Saturday, March 04, 2006

A Decent Statement. And a Better One

The Danish newspaper that originally published the Mohammed cartoons recently published the following manifesto entitled A Manifesto Against Jihad:Indland Jyllands-Posten .
At first glance the statement, signed by 12 "thinkers", some of them ex-Muslims and some of them French "philosophers" (and it appears that any French streetsweeper is a philospher these days), looks pretty good.
But the Brussels Journal takes a closer look at the Manifesto and see a serious flaw -- Anti-Jihad Manifesto Misses the Point The Brussels Journal . Read the whole thing and pay particular attention to the statements that secularism has destroyed the religious roots of Europe and that Islam is filling the vacuum. The author of the Brussels Journal piece realizes that Europe was (up until some fifty years ago) Europe because of Christianity. ,,, The great English Baptist preacher of the nineteenth century, Charles Haddon Spurgeon, addressed the question of theocracy and the proper Christian response to the idea many years ago.
"We believe that the Baptists are the original Christians. We did not commence our existence at the Reformation, we were reformers before Luther or Calvin were born; we never came from the Church of Rome, for we were never in it, but we have an unbroken line up to the Apostles themselves. We have existed from the very days of Christ, and our principles, sometime veiled and forgotten, like a river which may travel underground for a little season, have always had honest and holy adherents. Persecuted alike by Romanization and Protestants of almost every sect, yet there has never existed a government holding Baptist principles which persecuted other; not I believe, any body of Baptists ever held it to be the right to put the consciences or other under the control of man. We have ever been ready to suffer, as out martyrologies will prove, but we are not ready to accept any help from the State, to prostitute the purity of the Bride of Christ to any alliance with the Government, and we will never make the church, although the Queen, the despot over the consciences of men."

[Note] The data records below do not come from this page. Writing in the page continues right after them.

lemma Sup_zero_or_argmax_mem:
  fixes f :: "real \<Rightarrow> ereal"
  defines "S \<equiv> {d. f d = 0} \<union> eargmax f"
  assumes conc: "concave_efun f" and fin: "\<And>x. f x < \<infinity>"
    and "S \<noteq> {}" and bound: "\<And>s. s \<in> S \<Longrightarrow> s \<le> b" and "b < a" and "a \<in> edom f"
  shows "Sup S \<in> S"
proof (rule ccontr)
  assume "Sup S \<notin> S"
  have bdd: "bdd_above S"
    using bound by (rule bdd_aboveI)
  obtain s0 where "s0 \<in> S"
    using \<open>S \<noteq> {}\<close> by blast
  then have "s0 < Sup S"
    using cSup_upper[OF _ bdd] \<open>Sup S \<notin> S\<close> by (metis order_less_le)
  have "f a \<le> f s0" if "f s0 \<noteq> 0"
    using \<open>s0 \<in> S\<close> that unfolding S_def eargmax_def by blast
  then have "s0 \<in> edom f"
    using \<open>a \<in> edom f\<close> fin unfolding edom_def by (cases "f s0 = 0") auto
  then have "{s0..a} \<subseteq> edom f"
    using \<open>a \<in> edom f\<close> by (intro connected_contains_Icc convex_connected convex_edom conc fin)
  moreover have "Sup S < a"
    using cSup_least[OF \<open>S \<noteq> {}\<close> bound] \<open>b < a\<close> by linarith
  ultimately have interior: "Sup S \<in> interior (edom f)"
    using \<open>s0 < Sup S\<close> interior_mono[of "{s0..a}" "edom f"] by auto
  then have "Sup S \<in> closure (interior (edom f) \<inter> S)"
    using open_Int_closure_subset[OF open_interior] closure_contains_Sup[OF \<open>S \<noteq> {}\<close> bdd]
    by blast
  moreover obtain C where "closed C" and C: "interior (edom f) \<inter> S = interior (edom f) \<inter> C"
    using closedin_zero_or_argmax[OF conc fin] unfolding S_def closedin_closed by blast
  ultimately have "Sup S \<in> C"
    using closure_minimal[of "interior (edom f) \<inter> S" C] by blast
  then show False
    using interior C \<open>Sup S \<notin> S\<close> by blast
qed

locale newton_dinkelbach_step =
  fixes f :: "real \<Rightarrow> ereal" and a b F B G H :: real
  assumes fa: "f a = ereal F" and F_neg: "F < 0"
    and G_super: "G \<in> superdiff f a" and G_neg: "G < 0"
    and newton: "b = a - F / G"
    and fb: "f b = ereal B" and H_super: "H \<in> superdiff f b"
    and H_neg: "B < 0 \<Longrightarrow> H < 0"
begin

lemma a_minus_b: "a - b = F / G"
  using newton by simp

lemma F_eq: "F = G * (a - b)"
  using a_minus_b G_neg by simp

lemma b_less_a: "b < a"
proof -
  have "0 < F / G"
    using F_neg G_neg by (rule divide_neg_neg)
  then show ?thesis
    using a_minus_b by linarith
qed

lemma tangent_at_a: "f x \<le> ereal (G * (x - b))"
proof -
  have "f x \<le> f a + ereal (G * (x - a))"
    using G_super by (rule superdiffD)
  also have "\<dots> = ereal (G * (x - b))"
    using fa F_eq by (simp add: algebra_simps)
  finally show ?thesis .
qed

lemma B_nonpos: "B \<le> 0"
  using tangent_at_a[of b] fb by simp

lemma tangent_at_b: "f x \<le> ereal (B + H * (x - b))"
  using superdiffD[OF H_super, of x] fb by simp

lemma F_less_B: "F < B"
proof (cases "B = 0")
  case True
  then show ?thesis
    using F_neg by simp
next
  case False
  then have "H * (a - b) < 0"
    using H_neg B_nonpos b_less_a by (simp add: mult_neg_pos)
  moreover have "F \<le> B + H * (a - b)"
    using tangent_at_b[of a] fa by simp
  ultimately show ?thesis
    by linarith
qed

lemma G_le_superdiff_b:
  assumes "h \<in> superdiff f b"
  shows "G \<le> h"
proof -
  have "F \<le> B + h * (a - b)"
    using superdiffD[OF assms, of a] fa fb by simp
  then have "G * (a - b) \<le> h * (a - b)"
    using F_eq B_nonpos by linarith
  then show ?thesis
    using b_less_a by simp
qed

lemma G_le_H: "G \<le> H"
  using H_super by (rule G_le_superdiff_b)

lemma ratio_le_one: "B / F + H / G \<le> 1"
proof -
  have "B / F + H / G = (B + H * (a - b)) / F"
    using F_neg G_neg by (simp add: a_minus_b field_simps)
  also have "\<dots> \<le> F / F"
    using tangent_at_b[of a] fa F_neg by (intro divide_right_mono_neg) simp_all
  finally show ?thesis
    using F_neg by simp
qed

lemma H_eq_G_iff:
  "H = G \<longleftrightarrow> H = Inf (superdiff f b) \<and> G = Sup (superdiff f a) \<and> f b = 0"
proof -
  have Inf_eq: "Inf (superdiff f b) = G" if "B = 0"
  proof (rule cInf_eq_minimum)
    show "G \<in> superdiff f b"
      using tangent_at_a fb that unfolding superdiff_def by simp
  qed (rule G_le_superdiff_b)
  have Sup_eq: "Sup (superdiff f a) = G" if "B = 0"
  proof (rule cSup_eq_maximum[OF G_super])
    fix h
    assume "h \<in> superdiff f a"
    then have "B \<le> F + h * (b - a)"
      using superdiffD[of h f a b] fa fb by simp
    then have "h * (a - b) \<le> G * (a - b)"
      using F_eq that by (simp add: algebra_simps)
    then show "h \<le> G"
      using b_less_a by simp
  qed
  have "B = 0" if "H = G"
    using tangent_at_b[of a] fa F_eq B_nonpos that by simp
  then show ?thesis
    using Inf_eq Sup_eq fb by (auto simp: zero_ereal_def)
qed

lemma less_fb_right:
  assumes "b < x"
  shows "f x < f b"
proof (cases "B = 0")
  case True
  have "G * (x - b) < 0"
    using G_neg assms by (simp add: mult_neg_pos)
  then show ?thesis
    using tangent_at_a[of x] fb True by (simp add: le_less_trans)
next
  case False
  then have "H * (x - b) < 0"
    using H_neg B_nonpos assms by (simp add: mult_neg_pos)
  then show ?thesis
    using tangent_at_b[of x] fb by (simp add: le_less_trans)
qed

lemma fb_le_zero_or_argmax:
  assumes "s \<in> {d. f d = 0} \<union> eargmax f"
  shows "f b \<le> f s"
proof -
  have "f b \<le> 0"
    using fb B_nonpos by simp
  then show ?thesis
    using assms unfolding eargmax_def by auto
qed

lemma zero_or_argmax_le_b:
  assumes "s \<in> {d. f d = 0} \<union> eargmax f"
  shows "s \<le> b"
  using fb_le_zero_or_argmax[OF assms] less_fb_right[of s] by (meson not_le)

end

lemma nd_reached_le: "nd_reached f dl g i \<Longrightarrow> k \<le> i \<Longrightarrow> nd_reached f dl g k"
  unfolding nd_reached_def by auto

lemma nd_reached_SucD:
  assumes "nd_reached f dl g (Suc k)" "1 \<le> k"
  shows "f (dl k) \<noteq> 0" and "dl (Suc k) = dl k - real_of_ereal (f (dl k)) / g k"
    and "g (Suc k) \<in> superdiff f (dl (Suc k))" and "f (dl (Suc k)) \<noteq> -\<infinity>"
    and "f (dl (Suc k)) < 0 \<Longrightarrow> g (Suc k) < 0"
  using assms unfolding nd_reached_def by (auto dest!: spec[where x = k])
(* Let $A\in\mathbb{R}^{m\times n}$ be semimonotone ($A^{\dagger}\geq 0$) and let $A=U_1-V_1=U_2-V_2$ be two convergent proper nonnegative splittings of different types (one of type I and the other of type II). If $U_1^{\dagger}>U_2^{\dagger}$, then there exists $\alpha$ with $0<\alpha<1$ such that $U_2^{\dagger}\leq\alpha U_1^{\dagger}$, and $\rho(U_1^{\dagger}V_1)<\rho(U_2^{\dagger}V_2)<1$.
   Context: $A^{\dagger}$ denotes the Moore–Penrose inverse and $\rho(\cdot)$ the spectral radius. Inequalities are entrywise; $X>Y$ means every entry of $X-Y$ is positive. A splitting $A=U-V$ is proper if $R(U)=R(A)$ and $N(U)=N(A)$; it is convergent if $\rho(U^{\dagger}V)<1$. A proper splitting is a proper nonnegative splitting of type I if $U^{\dagger}V\geq 0$, and of type II if $VU^{\dagger}\geq 0$. *)

theory Defs
  imports "Jordan_Normal_Form.Spectral_Radius" "Jordan_Normal_Form.Matrix_Kernel"
begin

definition mat_range :: "real mat \<Rightarrow> real vec set" where
  "mat_range A = {A *\<^sub>v x | x. x \<in> carrier_vec (dim_col A)}"

definition is_MP_inverse :: "real mat \<Rightarrow> real mat \<Rightarrow> bool" where
  "is_MP_inverse A X \<longleftrightarrow> X \<in> carrier_mat (dim_col A) (dim_row A) \<and>
     A * X * A = A \<and> X * A * X = X \<and>
     transpose_mat (A * X) = A * X \<and> transpose_mat (X * A) = X * A"

definition MP_inverse :: "real mat \<Rightarrow> real mat" where
  "MP_inverse A = (THE X. is_MP_inverse A X)"

definition rho :: "real mat \<Rightarrow> real" where
  "rho M = spectral_radius (map_mat complex_of_real M)"

definition mat_nonneg :: "real mat \<Rightarrow> bool" where
  "mat_nonneg M \<longleftrightarrow> (\<forall>i<dim_row M. \<forall>j<dim_col M. 0 \<le> M $$ (i,j))"

definition mat_le :: "real mat \<Rightarrow> real mat \<Rightarrow> bool" where
  "mat_le X Y \<longleftrightarrow> dim_row X = dim_row Y \<and> dim_col X = dim_col Y \<and>
     (\<forall>i<dim_row X. \<forall>j<dim_col X. X $$ (i,j) \<le> Y $$ (i,j))"

definition mat_gt :: "real mat \<Rightarrow> real mat \<Rightarrow> bool" where
  "mat_gt X Y \<longleftrightarrow> dim_row X = dim_row Y \<and> dim_col X = dim_col Y \<and>
     (\<forall>i<dim_row X. \<forall>j<dim_col X. X $$ (i,j) > Y $$ (i,j))"

definition proper_splitting :: "real mat \<Rightarrow> real mat \<Rightarrow> real mat \<Rightarrow> bool" where
  "proper_splitting A U V \<longleftrightarrow>
     U \<in> carrier_mat (dim_row A) (dim_col A) \<and> V \<in> carrier_mat (dim_row A) (dim_col A) \<and>
     A = U - V \<and> mat_range U = mat_range A \<and> mat_kernel U = mat_kernel A"

definition convergent_splitting :: "real mat \<Rightarrow> real mat \<Rightarrow> bool" where
  "convergent_splitting U V \<longleftrightarrow> rho (MP_inverse U * V) < 1"

definition proper_nonneg_splitting_I :: "real mat \<Rightarrow> real mat \<Rightarrow> real mat \<Rightarrow> bool" where
  "proper_nonneg_splitting_I A U V \<longleftrightarrow>
     proper_splitting A U V \<and> mat_nonneg (MP_inverse U * V)"

definition proper_nonneg_splitting_II :: "real mat \<Rightarrow> real mat \<Rightarrow> real mat \<Rightarrow> bool" where
  "proper_nonneg_splitting_II A U V \<longleftrightarrow>
     proper_splitting A U V \<and> mat_nonneg (V * MP_inverse U)"

end

theory Submission
  imports Defs
begin

text \<open>
  Write \<open>G = A\<^sup>\<dagger>\<close> and \<open>H\<^sub>i = U\<^sub>i\<^sup>\<dagger>\<close>. For a proper splitting the projections \<open>H U\<close>, \<open>U H\<close> coincide
  with \<open>G A\<close>, \<open>A G\<close>, which yields \<open>H = G - (H V) G = G - G (V H)\<close>. Suppose splitting 1 is of
  type I and splitting 2 of type II, and put \<open>T = H\<^sub>1 V\<^sub>1\<close>, \<open>S = V\<^sub>2 H\<^sub>2\<close> (both nonnegative).
  The modulus of an eigenvector of \<open>T\<^sup>T\<close> for \<open>\<rho>(T)\<close> gives \<open>u \<ge> 0\<close> with \<open>T\<^sup>T u \<ge> \<rho>(T) u\<close>, and a
  truncated Neumann series of \<open>S / t\<close> gives \<open>v \<ge> 0\<close> with \<open>S v \<le> t v\<close> for any \<open>t > \<rho>(S)\<close>.
  Testing the comparison \<open>H\<^sub>2 \<le> \<alpha> H\<^sub>1\<close> against \<open>u\<close> and \<open>v\<close> yields
  \<open>(1 - t) u\<^sup>TGv \<le> \<alpha> (1 - \<rho>(T)) u\<^sup>TGv\<close> with \<open>u\<^sup>TGv > 0\<close> (by the strict inequality \<open>H\<^sub>2 < H\<^sub>1\<close>),
  which is impossible when \<open>\<rho>(S) \<le> \<rho>(T)\<close>. Since \<open>\<rho>(V H) = \<rho>(H V)\<close>, this compares the
  iteration matrices; the case of the opposite types is the transposed argument.
\<close>

lemma assoc_mult_mat_dims:
  fixes A B C :: "'a::semiring_0 mat"
  shows "dim_col A = dim_row B \<Longrightarrow> dim_col B = dim_row C \<Longrightarrow> A * B * C = A * (B * C)"
  by (rule assoc_mult_mat[of A "dim_row A" "dim_col A" B "dim_col B" C "dim_col C"]) auto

If we our Mohammedan "brothers" would take a hint from Spurgeon they would do themselves a great favor. But perhaps because they want to impose their false religion on the world by force because they realize that it cannot, by any reasonable and half intelligent person, be accepted in the stead of Christianity, or even outright atheism. One's faith influences a society not by force, but by example. And that shows, sadly, the failing of contemporary Christianity in Europe. The Termites (modern theologians) infected the Christian church in Europe and have made "Christianity" weak and negligible instead of the muscular and confident faith and force that it once was in the Old World. The result has been a malaise and apathy that allows a false religion to become more vibrant than the religion that was once considered the European birthright, while the Europeans have become unable, not only to defend their way of life, but their ideals. Secularism is not something that something that people will fight to protect.
And finally, your faithful correspondent is aware that some readers may bring up the stupid statements made by Pat Robertson and Jerry Falwell regarding a theocracy in the United States. Robertson is not a Baptist. I don't know what denomination Falwell belongs to, but Baptists, in the US have traditionally taken a hands off attitude toward government outside of voting.